If that were all, it would be enough, but of course it’s not. There’s a particular panel here where Deadpool makes reference to Nathan’s age and being “outside his strike zone” and just…can we not? I know that Deadpool is technically pansexual, but he’s very much a straight’s idea of that; male sexuality played for laughs, so that it isn’t threatening. They dress him in effeminate clothing for laughs, they have him hit on the straight characters around him so that those characters can be properly horrified. It is, in short, a longstanding problem, and it’s one we should really, really be past by this point in time.
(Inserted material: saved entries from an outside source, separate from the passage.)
(* Let $R \in \mathcal{R}$, $t \in R$ and $t \triangleright^* t'$. Then $t' \in R$.
   Context: With disjoint sets of $\lambda$-variables $x,y,\dots$ and $\mu$-variables $a,b,\dots$, terms and $\mathcal{E}$-terms are $\mathcal{T} ::= x \mid \lambda x.\mathcal{T} \mid (\mathcal{T}\;\mathcal{E}) \mid \langle \mathcal{T},\mathcal{T}\rangle \mid \omega_1\mathcal{T} \mid \omega_2\mathcal{T} \mid \mu a.\mathcal{T} \mid (a\;\mathcal{T})$, $\mathcal{E} ::= \mathcal{T} \mid \pi_1 \mid \pi_2 \mid [x.\mathcal{T}, y.\mathcal{T}]$ (up to renaming of bound variables). The one-step reduction $\triangleright$ is the closure under all constructors of: $(\lambda x.u\;v)\triangleright u[x:=v]$; $(\langle t_1,t_2\rangle\;\pi_i)\triangleright t_i$; $(\omega_i t\;[x_1.u_1,x_2.u_2])\triangleright u_i[x_i:=t]$; $((t\;[x_1.u_1,x_2.u_2])\;\varepsilon)\triangleright(t\;[x_1.(u_1\;\varepsilon),x_2.(u_2\;\varepsilon)])$; $(\mu a.t\;\varepsilon)\triangleright\mu a.t[a:=^*\varepsilon]$, where $t[a:=^*\varepsilon]$ replaces inductively each subterm $(a\;v)$ by $(a\;(v\;\varepsilon))$; $\triangleright^*$ is its reflexive-transitive closure. $\mathcal{N}$ is the set of strongly normalizable terms. For sets $K,L$ of terms: $K\to L=\{t\in\mathcal{T} : (t\;u)\in L \text{ for all } u\in K\}$; $K\wedge L=\{t : (t\;\pi_1)\in K, (t\;\pi_2)\in L\}$; $K\vee L=\{t :$ for all $\lambda$-variables $x,y$ and all $u,v\in\mathcal{N}$, if $u[x:=r]\in\mathcal{N}$ and $v[y:=s]\in\mathcal{N}$ for all $r\in K,s\in L$, then $(t\;[x.u,y.v])\in\mathcal{N}\}$. The set $\mathcal{R}$ of reducibility candidates is the smallest set of sets of terms containing $\mathcal{N}$ and closed under $\to,\wedge,\vee$. *)

theory Defs
  imports Main
begin

text \<open>Bound variables are represented by de Bruijn indices, with two separate
  index spaces: one for lambda-variables (bound by Lam and by the two
  branches of a Case) and one for mu-variables (bound by Mu).
  Var i is a lambda-variable, MApp a t is (a t) for a mu-variable a.\<close>

datatype trm =
    Var nat
  | Lam trm
  | App trm elim
  | Pair trm trm
  | Inj1 trm
  | Inj2 trm
  | Mu trm
  | MApp nat trm
and elim =
    ETm trm
  | Proj1
  | Proj2
  | Case trm trm

primrec liftL :: "nat \<Rightarrow> trm \<Rightarrow> trm" and liftLE :: "nat \<Rightarrow> elim \<Rightarrow> elim" where
  "liftL k (Var i) = (if i < k then Var i else Var (Suc i))"
| "liftL k (Lam t) = Lam (liftL (Suc k) t)"
| "liftL k (App t e) = App (liftL k t) (liftLE k e)"
| "liftL k (Pair t1 t2) = Pair (liftL k t1) (liftL k t2)"
| "liftL k (Inj1 t) = Inj1 (liftL k t)"
| "liftL k (Inj2 t) = Inj2 (liftL k t)"
| "liftL k (Mu t) = Mu (liftL k t)"
| "liftL k (MApp a t) = MApp a (liftL k t)"
| "liftLE k (ETm t) = ETm (liftL k t)"
| "liftLE k Proj1 = Proj1"
| "liftLE k Proj2 = Proj2"
| "liftLE k (Case u v) = Case (liftL (Suc k) u) (liftL (Suc k) v)"

primrec liftM :: "nat \<Rightarrow> trm \<Rightarrow> trm" and liftME :: "nat \<Rightarrow> elim \<Rightarrow> elim" where
  "liftM k (Var i) = Var i"
| "liftM k (Lam t) = Lam (liftM k t)"
| "liftM k (App t e) = App (liftM k t) (liftME k e)"
| "liftM k (Pair t1 t2) = Pair (liftM k t1) (liftM k t2)"
| "liftM k (Inj1 t) = Inj1 (liftM k t)"
| "liftM k (Inj2 t) = Inj2 (liftM k t)"
| "liftM k (Mu t) = Mu (liftM (Suc k) t)"
| "liftM k (MApp a t) = MApp (if a < k then a else Suc a) (liftM k t)"
| "liftME k (ETm t) = ETm (liftM k t)"
| "liftME k Proj1 = Proj1"
| "liftME k Proj2 = Proj2"
| "liftME k (Case u v) = Case (liftM k u) (liftM k v)"

text \<open>Capture-avoiding substitution t[x:=s] of the lambda-index k by s
  (indices above k are decremented, as the binder of k disappears).\<close>
primrec substL :: "trm \<Rightarrow> nat \<Rightarrow> trm \<Rightarrow> trm" and substLE :: "elim \<Rightarrow> nat \<Rightarrow> trm \<Rightarrow> elim" where
  "substL (Var i) k s = (if i < k then Var i else if i = k then s else Var (i - 1))"
| "substL (Lam t) k s = Lam (substL t (Suc k) (liftL 0 s))"
| "substL (App t e) k s = App (substL t k s) (substLE e k s)"
| "substL (Pair t1 t2) k s = Pair (substL t1 k s) (substL t2 k s)"
| "substL (Inj1 t) k s = Inj1 (substL t k s)"
| "substL (Inj2 t) k s = Inj2 (substL t k s)"
| "substL (Mu t) k s = Mu (substL t k (liftM 0 s))"
| "substL (MApp a t) k s = MApp a (substL t k s)"
| "substLE (ETm t) k s = ETm (substL t k s)"
| "substLE Proj1 k s = Proj1"
| "substLE Proj2 k s = Proj2"
| "substLE (Case u v) k s = Case (substL u (Suc k) (liftL 0 s)) (substL v (Suc k) (liftL 0 s))"

text \<open>Structural substitution t[a:=* e]: every subterm (a v) becomes (a (v e)),
  where a is the mu-index k.\<close>
primrec mstr :: "trm \<Rightarrow> nat \<Rightarrow> elim \<Rightarrow> trm" and mstrE :: "elim \<Rightarrow> nat \<Rightarrow> elim \<Rightarrow> elim" where
  "mstr (Var i) k e = Var i"
| "mstr (Lam t) k e = Lam (mstr t k (liftLE 0 e))"
| "mstr (App t e') k e = App (mstr t k e) (mstrE e' k e)"
| "mstr (Pair t1 t2) k e = Pair (mstr t1 k e) (mstr t2 k e)"
| "mstr (Inj1 t) k e = Inj1 (mstr t k e)"
| "mstr (Inj2 t) k e = Inj2 (mstr t k e)"
| "mstr (Mu t) k e = Mu (mstr t (Suc k) (liftME 0 e))"
| "mstr (MApp a t) k e =
     (if a = k then MApp a (App (mstr t k e) e) else MApp a (mstr t k e))"
| "mstrE (ETm t) k e = ETm (mstr t k e)"
| "mstrE Proj1 k e = Proj1"
| "mstrE Proj2 k e = Proj2"
| "mstrE (Case u v) k e = Case (mstr u k (liftLE 0 e)) (mstr v k (liftLE 0 e))"

inductive step :: "trm \<Rightarrow> trm \<Rightarrow> bool" and stepE :: "elim \<Rightarrow> elim \<Rightarrow> bool" where
  beta: "step (App (Lam u) (ETm v)) (substL u 0 v)"
| proj1: "step (App (Pair t1 t2) Proj1) t1"
| proj2: "step (App (Pair t1 t2) Proj2) t2"
| case1: "step (App (Inj1 t) (Case u1 u2)) (substL u1 0 t)"
| case2: "step (App (Inj2 t) (Case u1 u2)) (substL u2 0 t)"
| comm: "step (App (App t (Case u1 u2)) e)
              (App t (Case (App u1 (liftLE 0 e)) (App u2 (liftLE 0 e))))"
| mu: "step (App (Mu t) e) (Mu (mstr t 0 (liftME 0 e)))"
| c_Lam: "step t t' \<Longrightarrow> step (Lam t) (Lam t')"
| c_App1: "step t t' \<Longrightarrow> step (App t e) (App t' e)"
| c_App2: "stepE e e' \<Longrightarrow> step (App t e) (App t e')"
| c_Pair1: "step t t' \<Longrightarrow> step (Pair t s) (Pair t' s)"
| c_Pair2: "step s s' \<Longrightarrow> step (Pair t s) (Pair t s')"
| c_Inj1: "step t t' \<Longrightarrow> step (Inj1 t) (Inj1 t')"
| c_Inj2: "step t t' \<Longrightarrow> step (Inj2 t) (Inj2 t')"
| c_Mu: "step t t' \<Longrightarrow> step (Mu t) (Mu t')"
| c_MApp: "step t t' \<Longrightarrow> step (MApp a t) (MApp a t')"
| c_ETm: "step t t' \<Longrightarrow> stepE (ETm t) (ETm t')"
| c_Case1: "step u u' \<Longrightarrow> stepE (Case u v) (Case u' v)"
| c_Case2: "step v v' \<Longrightarrow> stepE (Case u v) (Case u v')"

abbreviation steps :: "trm \<Rightarrow> trm \<Rightarrow> bool" where
  "steps \<equiv> step\<^sup>*\<^sup>*"

definition SN :: "trm set" where
  "SN = {t. \<not> (\<exists>f. f 0 = t \<and> (\<forall>i. step (f i) (f (Suc i))))}"

definition arrow :: "trm set \<Rightarrow> trm set \<Rightarrow> trm set" where
  "arrow K L = {t. \<forall>u\<in>K. App t (ETm u) \<in> L}"

definition conj :: "trm set \<Rightarrow> trm set \<Rightarrow> trm set" where
  "conj K L = {t. App t Proj1 \<in> K \<and> App t Proj2 \<in> L}"

text \<open>In de Bruijn form the bound variable x of [x.u, y.v] is index 0 of u,
  and u[x:=r] is substL u 0 r.\<close>
definition disj :: "trm set \<Rightarrow> trm set \<Rightarrow> trm set" where
  "disj K L = {t. \<forall>u v. u \<in> SN \<longrightarrow> v \<in> SN \<longrightarrow>
       (\<forall>r\<in>K. substL u 0 r \<in> SN) \<longrightarrow> (\<forall>s\<in>L. substL v 0 s \<in> SN) \<longrightarrow>
       App t (Case u v) \<in> SN}"

inductive_set RC :: "trm set set" where
  RC_SN: "SN \<in> RC"
| RC_arrow: "K \<in> RC \<Longrightarrow> L \<in> RC \<Longrightarrow> arrow K L \<in> RC"
| RC_conj: "K \<in> RC \<Longrightarrow> L \<in> RC \<Longrightarrow> conj K L \<in> RC"
| RC_disj: "K \<in> RC \<Longrightarrow> L \<in> RC \<Longrightarrow> disj K L \<in> RC"

end

theory Submission
  imports Defs
begin

(* Every candidate is closed under one-step reduction: for SN because an infinite
  reduction from t' extends to one from t; the candidates built by arrow, conj and disj are
  defined by membership of terms App t e, and App t e reduces to App t' e. *)

definition step_closed :: "trm set \<Rightarrow> bool" where
  "step_closed R \<longleftrightarrow> (\<forall>t t'. t \<in> R \<longrightarrow> step t t' \<longrightarrow> t' \<in> R)"

lemma step_closedD: "step_closed R \<Longrightarrow> t \<in> R \<Longrightarrow> step t t' \<Longrightarrow> t' \<in> R"
  by (auto simp: step_closed_def)

lemma step_closed_SN: "step_closed SN"
proof (unfold step_closed_def, intro allI impI)
  fix t t'
  assume "t \<in> SN" and "step t t'"
  show "t' \<in> SN"
  proof (rule ccontr)
    assume "t' \<notin> SN"
    then obtain f where f: "f 0 = t'" "\<forall>i. step (f i) (f (Suc i))"
      by (auto simp: SN_def)
    define g where "g i = (case i of 0 \<Rightarrow> t | Suc j \<Rightarrow> f j)" for i
    have "g 0 = t \<and> (\<forall>i. step (g i) (g (Suc i)))"
      using f \<open>step t t'\<close> by (auto simp: g_def split: nat.splits)
    with \<open>t \<in> SN\<close> show False
      by (auto simp: SN_def)
  qed
qed

lemma step_closed_arrow: "step_closed L \<Longrightarrow> step_closed (arrow K L)"
  by (auto simp: step_closed_def arrow_def intro: c_App1)

lemma step_closed_conj: "step_closed K \<Longrightarrow> step_closed L \<Longrightarrow> step_closed (conj K L)"
  unfolding step_closed_def conj_def by (blast intro: c_App1)

lemma step_closed_disj: "step_closed (disj K L)"
  using step_closed_SN by (auto simp: step_closed_def disj_def intro: c_App1)

lemma step_closed_RC: "R \<in> RC \<Longrightarrow> step_closed R"
  by (induction R rule: RC.induct)
    (auto intro: step_closed_SN step_closed_arrow step_closed_conj step_closed_disj)

lemma step_closed_steps:
  assumes "step_closed R" and "t \<in> R" and "steps t t'"
  shows "t' \<in> R"
  using assms(3,2) by (induction rule: rtranclp_induct) (auto intro: step_closedD[OF assms(1)])

theorem lemma8:
  assumes "R \<in> RC" and "t \<in> R" and "steps t t'"
  shows "t' \<in> R"
  using step_closed_steps[OF step_closed_RC[OF assms(1)] assms(2,3)] .

end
That, of course, is bad enough, but he’s also making sexual innuendo to a character whose age isn’t clear, either to us, the readers, or to  Deadpool himself. I don’t know how much more clearly I can say this, but STOP. MAKING. THESE. JOKES. Queer rep is not your fucking punchline, and we have enough people making bad faith associations between our identities and pedophilia without shit like this being thrown onto the fire.

Just…fuck. I dunno. Noto’s art’s good. So is Sabino’s lettering. The data pages are a letter-writing sequence between Old Cable and Deadpool that is exactly as annoying as his actual appearance in the book. I don’t want to talk about this issue anymore. I didn’t like it, and it was a massive misfire of taste and good sense.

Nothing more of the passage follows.